Morgane décela que son interlocuteur était pleinement sincère, que le juge ne mentait absolument pas quand il disait que la beauté extérieure comptait peu pour lui comparer à la personnalité de sa bien-aimée. Aussi Morgane était plongée dans davantage de confusion. Elle s’était attendue à ce que le physique ait encore une dimension importante dans sa relation avec Intègre. Pourtant elle découvrit que le juge préférait nettement son caractère à des critères esthétiques. Ainsi la séductrice songea sérieusement pendant un bref moment à trahir Arthur pour s’enfuir avec le juge, à partir le plus loin possible pour échapper à la vengeance de son organisation.
Elle voyait comme une folie dévastatrice pour elle cette option, mais aussi une solution potentiellement très agréable. Sa tendance romantique lui soufflait qu’Intègre méritait bien un véritable dévouement. Morgane se rendit alors compte que ses émotions débordaient du cadre de sa tâche professionnelle, qu’elle éprouvait un amour véritable pour le juge. Ce qui constituait une situation véritablement épineuse. Si elle allait trop loin dans la remise en cause des ordres d’Arthur, au mieux elle serait mise temporairement de côté, obliger de prendre des congés forcés afin de faire le point, au pire jugée comme une renégate, et soumise à une procédure vraiment désagréable.
La séductrice pensait donc qu’il valait mieux prendre des mesures pour juguler ses sentiments amoureux. Alors elle réfléchit ardemment sur un moyen de tuer son attachement vu comme inapproprié à l’égard du juge. Les sorts de domination seraient peut-être une solution, mais cela la rendrait vulnérable aux suggestions d’une autre personne. La peur d’être manipulée faisait que Morgane rejeta sa première idée.
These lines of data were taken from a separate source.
lemma sum_bit_budget: "(\<Sum>i<n. bit_budget i) = bitlen_sum s + bitlen_sum (n - 1 - s)
    + bitlen_sum fl_count + bitlen_sum fr_count"
proof -
  have "(\<Sum>i<n. bit_budget i) = (\<Sum>i<n. if 0 < i \<and> i \<le> s then bitlen (Suc (wake_time i s)) else 0)
      + (\<Sum>i<n. if 0 < i \<and> fr_possible i then bitlen (n - i) else 0)
   + (\<Sum>i<n. if s \<le> i \<and> i + 1 < n then bitlen (Suc (wake_time i s)) else 0) + (\<Sum>i<n. if i + 1 < n
     \<and> fl_possible i then bitlen (Suc i) else 0)"
    unfolding bit_budget_def sum.distrib ..
  thus ?thesis unfolding sum_budget_fmL sum_budget_fmR sum_budget_fl sum_budget_fr by simp
qed

lemma total_bits_bound: "real (\<Sum>r<R. round_bits n k s r) \<le> (4 - 2 / real k) * real n * log 2 (real n)"
proof -
  have "(\<Sum>r<R. round_bits n k s r) \<le> bitlen_sum s + bitlen_sum (n - 1 - s) + bitlen_sum fl_count
      + bitlen_sum fr_count" using sum_round_bits_le sum_bit_budget by simp
  hence T: "real (\<Sum>r<R. round_bits n k s r) \<le> real (bitlen_sum s + bitlen_sum (n - 1 - s)
      + bitlen_sum fl_count + bitlen_sum fr_count)" by (simp only: of_nat_le_iff)
  have nl: "0 \<le> real n * log 2 (real n)" using start_in_line by simp
  show ?thesis
  proof (cases "k = 1")
    case True
    have "real (bitlen_sum s + bitlen_sum (n - 1 - s) + bitlen_sum fl_count
        + bitlen_sum fr_count) \<le> 2 * real n * log 2 (real n)"
      using bitlen_sums_bound_single[OF start_in_line] True
        unfolding fl_count_def fr_count_def by simp
    thus ?thesis using T True by simp
  next
    case False
    hence k2: "2 \<le> k" using k_pos by simp
    have "bitlen_sum s + bitlen_sum (n - 1 - s) \<le> bitlen_sum (n - 1)"
      using bitlen_sum_superadd[of s "n - 1 - s"] start_in_line by simp
    moreover have "fl_count = n - 1" "fr_count = n - 1" unfolding fl_count_def fr_count_def
      using False by auto
    ultimately have "bitlen_sum s + bitlen_sum (n - 1 - s) + bitlen_sum fl_count
        + bitlen_sum fr_count \<le> 3 * bitlen_sum (n - 1)" by simp
    hence "real (bitlen_sum s + bitlen_sum (n - 1 - s) + bitlen_sum fl_count
        + bitlen_sum fr_count) \<le> real (3 * bitlen_sum (n - 1))" by (simp only: of_nat_le_iff)
    also have "\<dots> \<le> 3 * real n * log 2 (real n)" by (rule bitlen_sums_bound_multi)
    also have "\<dots> \<le> (4 - 2 / real k) * real n * log 2 (real n)"
    proof -
      have "2 / real k \<le> 1" using k2 by (simp add: field_simps)
      hence "3 \<le> 4 - 2 / real k" by simp
      thus ?thesis using nl by (simp add: mult.assoc mult_right_mono)
    qed
    finally show ?thesis using T by linarith
  qed
qed

section \<open>Memory\<close>

lemma decision_round_le: "decision_round \<le> 2 * n" unfolding decision_round_def by simp

lemma clock_bits_bound:
  assumes i: "i < n"
  shows "real (opt_bits (tm (E r i))) \<le> log 2 (real n) + 2"
proof (cases "tm (E r i)")
  case None
  then show ?thesis using n_pos by (simp add: opt_bits_def)
next
  case (Some t)
  have undecided: "col (E r i) = None" using E_clock_erased[OF i, of r] Some by simp
  moreover have "awake (E r i)" using E_asleep[OF i, of r] Some by auto
  ultimately have "t = r" using E_undecided_clock[OF i, of r] Some by simp
  moreover have "r < decision_round" using undecided_before_decision_round[OF i undecided] .
  ultimately have "t \<le> 2 * n" using decision_round_le by simp
  then have "real (opt_bits (tm (E r i))) \<le> log 2 (real (2 * n)) + 1" using Some n_pos
    by (intro opt_bits_le_log) auto
  also have "log 2 (real (2 * n)) = 1 + log 2 (real n)" using n_pos by (simp add: log_mult)
  finally show ?thesis by simp
qed

lemma mem_bits_bound:
  assumes i: "i < n"
  shows "real (mem_bits (E r i)) \<le> 3 * log 2 (real n) + log 2 (real k) + 16"
proof -
  let ?st = "E r i"
  let ?L = "log 2 (real n)"
  have mid: "real (opt_bits (mid ?st)) \<le> ?L + 1"
    using E_mid[OF i, of r] i start_in_line n_pos by (intro opt_bits_le_log) (auto simp: wake_time_def)
  have nl: "real (opt_bits (nl ?st)) \<le> ?L + 1"
    using E_nl[OF i, of r] i n_pos by (intro opt_bits_le_log) auto
  have nr: "real (opt_bits (nr ?st)) \<le> ?L + 1"
    using E_nr[OF i, of r] i n_pos by (intro opt_bits_le_log) auto
  have col: "real (opt_bits (col ?st)) \<le> log 2 (real k) + 1"
  proof (rule opt_bits_le_log)
    fix c assume "col ?st = Some c"
    then show "c \<le> k" using col_E_correct[OF i] ribbon_color_bounds[OF k_pos i] by simp
  qed (use k_pos in simp)
  have mem: "real (mem_bits ?st) = 11 + real (opt_bits (mid ?st)) + real (opt_bits (tm ?st))
      + real (opt_bits (nl ?st)) + real (opt_bits (nr ?st)) + real (opt_bits (col ?st))"
    unfolding mem_bits_def by simp
  \<comment> \<open>An undecided agent stores at most one count besides its clock; a decided one has erased
    its clock but stores its colour.\<close>
  show ?thesis
  proof (cases "col ?st")
    case None
    have "nl ?st = None \<or> nr ?st = None" using E_undecided_one_count[OF i, of r] None by simp
    then have "real (opt_bits (nl ?st)) + real (opt_bits (nr ?st)) \<le> ?L + 1"
      using nl nr by (auto simp: opt_bits_def)
    moreover have "0 \<le> log 2 (real k)" using k_pos by simp
    ultimately show ?thesis unfolding mem using None mid clock_bits_bound[OF i, of r]
      by (simp add: opt_bits_def)
  next
    case (Some c)
    have "tm ?st = None" using E_clock_erased[OF i, of r] Some by auto
    then show ?thesis unfolding mem using mid nl nr col by (simp add: opt_bits_def)
  qed
qed

lemma ribbon_reached:
  "\<exists>R. real R \<le> (2 - 1 / real k) * real n + real k \<and> (\<forall>i<n. col (E R i) \<noteq> None)
     \<and> is_ribbon n k (\<lambda>i. the (col (E R i)))"
proof (intro exI conjI)
  show "real decision_round \<le> (2 - 1 / real k) * real n + real k" by (rule decision_round_bound)
  show "\<forall>i<n. col (E decision_round i) \<noteq> None" using all_decided by blast
  have "is_ribbon n k (\<lambda>i. the (col (E decision_round i))) = is_ribbon n k (ribbon_color n k)"
  proof (rule is_ribbon_cong)
    fix i assume i: "i < n"
    then obtain c where c: "col (E decision_round i) = Some c" using all_decided by blast
    then show "the (col (E decision_round i)) = ribbon_color n k i"
      using col_E_correct[OF i c] by simp
  qed
  then show "is_ribbon n k (\<lambda>i. the (col (E decision_round i)))"
    using is_ribbon_ribbon_color[OF k_pos] by simp
qed

end

theorem theorem3:
  "\<exists>C::real. \<forall>n k s. 1 \<le> k \<longrightarrow> s < n \<longrightarrow>
     (\<exists>R. real R \<le> (2 - 1 / real k) * real n + real k \<and>
          (\<forall>i<n. col (exec n k s R i) \<noteq> None) \<and>
          is_ribbon n k (\<lambda>i. the (col (exec n k s R i)))) \<and>
     (\<forall>r r' i. i < n \<longrightarrow> r \<le> r' \<longrightarrow> col (exec n k s r i) \<noteq> None \<longrightarrow>
          col (exec n k s r' i) = col (exec n k s r i)) \<and>
     (\<forall>R. real (\<Sum>r<R. round_bits n k s r) \<le> (4 - 2 / real k) * real n * log 2 (real n)) \<and>
     (\<forall>r i. i < n \<longrightarrow> real (mem_bits (exec n k s r i)) \<le> 3 * log 2 (real n) + log 2 (real k) + C)"
proof (intro exI[of _ 16] allI impI, goal_cases)
  case (1 n k s)
  then interpret exact_count n k s by unfold_locales
  show ?case
    by (intro conjI allI impI ribbon_reached col_E_stable total_bits_bound mem_bits_bound)
qed

end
Quant à apprendre par elle-même les pouvoirs de contrôle mental pour se conditionner, c’était une approche qui demanderait trop de temps, il faudrait peut-être des années avant que la séductrice ait le niveau suffisant. Or elle voulait une solution sur le court terme.
Puis elle eut envie de se traiter d’idiote, il n’y avait pas forcément besoin de se faire dominer pour régler le problème posé par son amour. Cependant une partie de son esprit se révoltait contre l’idée envisagée. Sa tendance romantique présentait comme merveilleux les sentiments provoqués par Intègre. Elle affirmait que rejeter l’amour revenait à se renier soi-même. Toutefois Morgane éprouvait aussi de la peur, la hantise de la répression d’Arthur, et aussi l’angoisse de faillir à ses devoirs envers les royaumes elfes. Mais elle avait du mal à se convaincre totalement avec ses arguments logiques, puis elle se mit à penser à la réaction très probable de haine du juge quand il découvrait la nature elfique de la séductrice.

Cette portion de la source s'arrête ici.